增加Spark工人核心 [英] Increase the Spark workers cores
问题描述
我已经在master和2个worker上安装了Spark.每个工作人员的原始核心编号是8.启动主服务器时,工作人员可以正常工作,没有任何问题,但是问题是在Spark GUI中,每个工作人员仅分配了2个内核.
I have installed Spark on master and 2 workers. The original core number per worker is 8. When I start the master, the workers are work properly without any problem, but the problem is in Spark GUI each worker has only 2 cores assigned.
请问,如何增加每个工作人员使用8个内核的内核数量?
Kindly, how can I increase the number of the cores in which each worker works with 8 cores?
推荐答案
控制每个执行者核心的设置是 spark.executor.cores
.请参阅文档.可以通过 spark-submit
cmd参数或在 spark-defaults.conf
中进行设置.该文件通常位于/etc/spark/conf
(ymmv)中.您可以使用 find/-type f -name spark-defaults.conf
The setting which controls cores per executor is spark.executor.cores
. See doc. It can be set either via spark-submit
cmd argument or in spark-defaults.conf
. The file is usually located in /etc/spark/conf
(ymmv). YOu can search for the conf file with find / -type f -name spark-defaults.conf
spark.executor.cores 8
但是,该设置不能保证每个执行者将始终获得所有可用的内核.这取决于您的工作量.
However the setting does not guarantee that each executor will always get all the available cores. This depends on your workload.
如果您在数据帧或rdd上安排任务,spark将为该数据帧的每个分区运行一个并行任务.任务将安排给执行者(单独的jvm),执行者可以在每个内核的jvm线程中并行运行多个任务.

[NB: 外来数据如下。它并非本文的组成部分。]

lemma integrable_gauss_moment: "integrable lborel (\<lambda>x::real. exp (- x\<^sup>2) * x ^ m)"
  by (cases "even m") (auto elim!: evenE oddE intro: integrable.intros has_bochner_integral_gauss_moment_even has_bochner_integral_gauss_moment_odd)

lemma gauss_moment_0: "gauss_moment 0 = sqrt pi"
  unfolding gauss_moment_def using has_bochner_integral_gauss_moment_even[of 0] by (simp add: has_bochner_integral_integral_eq)

lemma gauss_moment_1: "gauss_moment 1 = 0"
  unfolding gauss_moment_def using has_bochner_integral_gauss_moment_odd[of 0] by (simp add: has_bochner_integral_integral_eq)

lemma gauss_moment_Suc_Suc: "2 * gauss_moment (Suc (Suc m)) = (m + 1) * gauss_moment m"
proof (cases "even m")
  case True
  then obtain k where m: "m = 2 * k" by blast
  have "fact (2 * Suc k) / (2 ^ (2 * Suc k) * fact (Suc k))
          = (2 * real k + 1) / 2 * (fact (2 * k) / (2 ^ (2 * k) * (fact k :: real)))"
  proof -
    have "fact (2 * Suc k) = 2 * (real k + 1) * ((2 * real k + 1) * fact (2 * k))"
      by (simp add: algebra_simps)
    moreover have "(2::real) ^ (2 * Suc k) * fact (Suc k) = 2 * (real k + 1) * (2 * (2 ^ (2 * k) * fact k))"
      by (simp add: algebra_simps)
    ultimately show ?thesis
      by (simp only: mult_divide_mult_cancel_left_if) simp
  qed
  moreover have "Suc (Suc m) = 2 * Suc k" using m by simp
  ultimately show ?thesis
    using has_bochner_integral_gauss_moment_even[of k] has_bochner_integral_gauss_moment_even[of "Suc k"]
    by (simp add: gauss_moment_def m has_bochner_integral_integral_eq)
next
  case False
  then obtain k where m: "m = 2 * k + 1" by (blast elim: oddE)
  have "Suc (Suc m) = 2 * Suc k + 1" using m by simp
  then show ?thesis
    using has_bochner_integral_gauss_moment_odd[of k] has_bochner_integral_gauss_moment_odd[of "Suc k"]
    by (simp add: gauss_moment_def m has_bochner_integral_integral_eq)
qed

definition gauss_integral :: "real poly \<Rightarrow> real" where
  "gauss_integral p = (LINT x|lborel. poly p x * exp (- x\<^sup>2))"

lemma integrable_poly_gauss: "integrable lborel (\<lambda>x. poly (p :: real poly) x * exp (- x\<^sup>2))"
proof -
  have "(\<lambda>x. poly p x * exp (- x\<^sup>2)) = (\<lambda>x. \<Sum>i\<le>degree p. coeff p i * (exp (- x\<^sup>2) * x ^ i))"
    by (simp add: poly_altdef sum_distrib_left sum_distrib_right mult_ac)
  moreover have "integrable lborel (\<lambda>x. \<Sum>i\<le>degree p. coeff p i * (exp (- x\<^sup>2) * x ^ i))"
    by (intro Bochner_Integration.integrable_sum Bochner_Integration.integrable_mult_right)
      (rule integrable_gauss_moment)
  ultimately show ?thesis
    by simp
qed

lemma gauss_integral_add: "gauss_integral (p + q) = gauss_integral p + gauss_integral q"
  unfolding gauss_integral_def by (simp add: distrib_right integrable_poly_gauss)

lemma gauss_integral_diff: "gauss_integral (p - q) = gauss_integral p - gauss_integral q"
  unfolding gauss_integral_def by (simp add: left_diff_distrib integrable_poly_gauss)

lemma gauss_integral_smult: "gauss_integral (smult c p) = c * gauss_integral p"
  unfolding gauss_integral_def by (simp add: mult.assoc)

lemma gauss_integral_monom: "gauss_integral (monom c m) = c * gauss_moment m"
  unfolding gauss_integral_def gauss_moment_def by (simp add: poly_monom mult_ac)

text \<open>\<open>(poly p x * exp (- x\<^sup>2))' = poly (gauss_deriv p) x * exp (- x\<^sup>2)\<close>: being a total
  derivative of a rapidly decaying function, \<open>gauss_deriv p\<close> has Gaussian integral zero.\<close>

definition gauss_deriv :: "real poly \<Rightarrow> real poly" where
  "gauss_deriv p = pderiv p - [:0, 2:] * p"

lemma gauss_deriv_add: "gauss_deriv (p + q) = gauss_deriv p + gauss_deriv q"
  unfolding gauss_deriv_def by (simp add: pderiv_add smult_add_right algebra_simps)

lemma gauss_integral_gauss_deriv_monom: "gauss_integral (gauss_deriv (monom c m)) = 0"
proof -
  have "gauss_deriv (monom c m) = monom (of_nat m * c) (m - 1) - monom (2 * c) (m + 1)"
    by (simp add: gauss_deriv_def pderiv_monom mult_monom flip: monom_Suc monom_0)
  then have "gauss_integral (gauss_deriv (monom c m)) = of_nat m * c * gauss_moment (m - 1) - 2 * c * gauss_moment (m + 1)"
    by (simp add: gauss_integral_diff gauss_integral_monom)
  also have "\<dots> = 0"
    using gauss_moment_1 gauss_moment_Suc_Suc[of "m - 1"] by (cases m) (simp_all add: algebra_simps)
  finally show ?thesis .
qed

lemma gauss_integral_gauss_deriv: "gauss_integral (gauss_deriv p) = 0"
proof -
  have "gauss_integral (gauss_deriv (\<Sum>i\<in>A. monom (coeff p i) i)) = 0" if "finite A" for A
    using that
  proof induct
    case (insert a A)
    then show ?case
      by (simp add: gauss_deriv_add gauss_integral_add gauss_integral_gauss_deriv_monom)
  qed (simp add: gauss_deriv_def gauss_integral_def)
  from this[of "{..degree p}"] show ?thesis
    by (simp add: poly_as_sum_of_monoms)
qed

section \<open>Hermite functions in one variable\<close>

fun hermite_poly :: "nat \<Rightarrow> real poly" where
  "hermite_poly 0 = 1"
| "hermite_poly (Suc k) = [:0, 2:] * hermite_poly k - pderiv (hermite_poly k)"

declare hermite_poly.simps(2)[simp del]

lemma pderiv_hermite_poly_Suc: "pderiv (hermite_poly (Suc k)) = smult (2 * (real k + 1)) (hermite_poly k)"
proof (induction k)
  case 0
  then show ?case
    by (simp add: pderiv_pCons hermite_poly.simps)
next
  case (Suc k)
  let ?H = "hermite_poly (Suc k)"
  have "pderiv (hermite_poly (Suc (Suc k))) = smult 2 ?H + [:0, 2:] * pderiv ?H - pderiv (pderiv ?H)"
    by (subst hermite_poly.simps(2)[of "Suc k"]) (simp add: pderiv_mult pderiv_diff pderiv_pCons pderiv_smult)
  also have "\<dots> = smult 2 ?H + smult (2 * (real k + 1)) ([:0, 2:] * hermite_poly k - pderiv (hermite_poly k))"
    using Suc.IH by (simp add: pderiv_smult algebra_simps smult_diff_right)
  also have "\<dots> = smult (2 * (real (Suc k) + 1)) ?H"
  proof -
    have "[:0, 2:] * hermite_poly k - pderiv (hermite_poly k) = ?H"
      by (simp add: hermite_poly.simps)
    then show ?thesis
      by (simp only: smult_add_left[symmetric]) (simp add: algebra_simps)
  qed
  finally show ?case .
qed

lemma deriv_funpow_gaussian:
  "(deriv ^^ k) (\<lambda>t. exp (- (t\<^sup>2))) = (\<lambda>x::real. (-1) ^ k * poly (hermite_poly k) x * exp (- (x\<^sup>2)))"
proof (induction k)
  case (Suc k)
  have "((\<lambda>x::real. (-1) ^ k * poly (hermite_poly k) x * exp (- (x\<^sup>2))) has_real_derivative
          (-1) ^ Suc k * poly (hermite_poly (Suc k)) x * exp (- (x\<^sup>2))) (at x)" for x
    by (rule derivative_eq_intros refl poly_DERIV | simp)+
      (simp add: hermite_poly.simps(2)[of k] algebra_simps)
  then show ?case
    unfolding funpow.simps o_apply Suc.IH by (intro ext DERIV_imp_deriv)
qed simp

definition hermite_const :: "nat \<Rightarrow> real" where
  "hermite_const k = 1 / sqrt (2 ^ k * fact k * sqrt pi)"

definition hermite_fun_poly :: "nat \<Rightarrow> real poly" where
  "hermite_fun_poly k = smult (hermite_const k) (hermite_poly k)"

lemma hermite_fun_eq: "hermite_fun k x = poly (hermite_fun_poly k) x * exp (- (x\<^sup>2) / 2)"
proof -
  have "exp (x\<^sup>2 / 2) * exp (- (x\<^sup>2)) = exp (- (x\<^sup>2) / 2)"
    by (simp add: exp_add[symmetric])
  moreover have "((-1::real) ^ k * (-1) ^ k) = 1"
    by (simp add: power_mult_distrib[symmetric])
  ultimately show ?thesis
    unfolding hermite_fun_def deriv_funpow_gaussian hermite_fun_poly_def hermite_const_def
    by (simp add: mult_ac)
qed

lemma hermite_const_Suc: "hermite_const (Suc k) * sqrt (2 * (real k + 1)) = hermite_const k"
proof -
  have "sqrt (2 ^ Suc k * fact (Suc k) * sqrt pi) = sqrt (2 * (real k + 1)) * sqrt (2 ^ k * fact k * sqrt pi)"
    by (simp add: real_sqrt_mult[symmetric] algebra_simps)
  then show ?thesis
    unfolding hermite_const_def by (simp add: field_simps)
qed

If you schedule tasks on a dataframe or rdd, spark will run a parallel task for each partition of the dataframe. A task will be scheduled to an executor (separate jvm) and the executor can run multiple tasks in parallel in jvm threads on each core.
此外,执行者不一定必须在单独的工作人员上运行.如果有足够的内存,则两个执行程序可以共享一个工作程序节点.
Also an exeucutor will not necessarily run on a separate worker. If there is enough memory, 2 executors can share a worker node.
要使用所有核心,您的情况下的设置应如下所示:
In order to use all the cores the setup in your case could look as follows:
假设每个节点上有10 GB的内存
given you have 10 gig of memory on each node
spark.default.parallelism 14
spark.executor.instances 2
spark.executor.cores 7
spark.executor.memory 9g
将内存设置为9g可以确保将每个执行程序分配给一个单独的节点.每个执行器将具有7个可用核心.每个数据帧操作将被调度到14个并发任务,这些任务将x 7分配给每个执行器.您也可以重新分区数据框,而不用设置 default.parallelism
.操作系统只剩下一个核心和1gig的内存.
Setting memory to 9g will make sure, each executor is assigned to a separate node. Each executor will have 7 cores available. And each dataframe operation will be scheduled to 14 concurrent tasks, which will be distributed x 7 to each executor. You can also repartition a dataframe, instead of setting default.parallelism
. One core and 1gig of memory is left for the operating system.
这篇关于增加Spark工人核心的文章就介绍到这了,希望我们推荐的答案对大家有所帮助,也希望大家多多支持IT屋!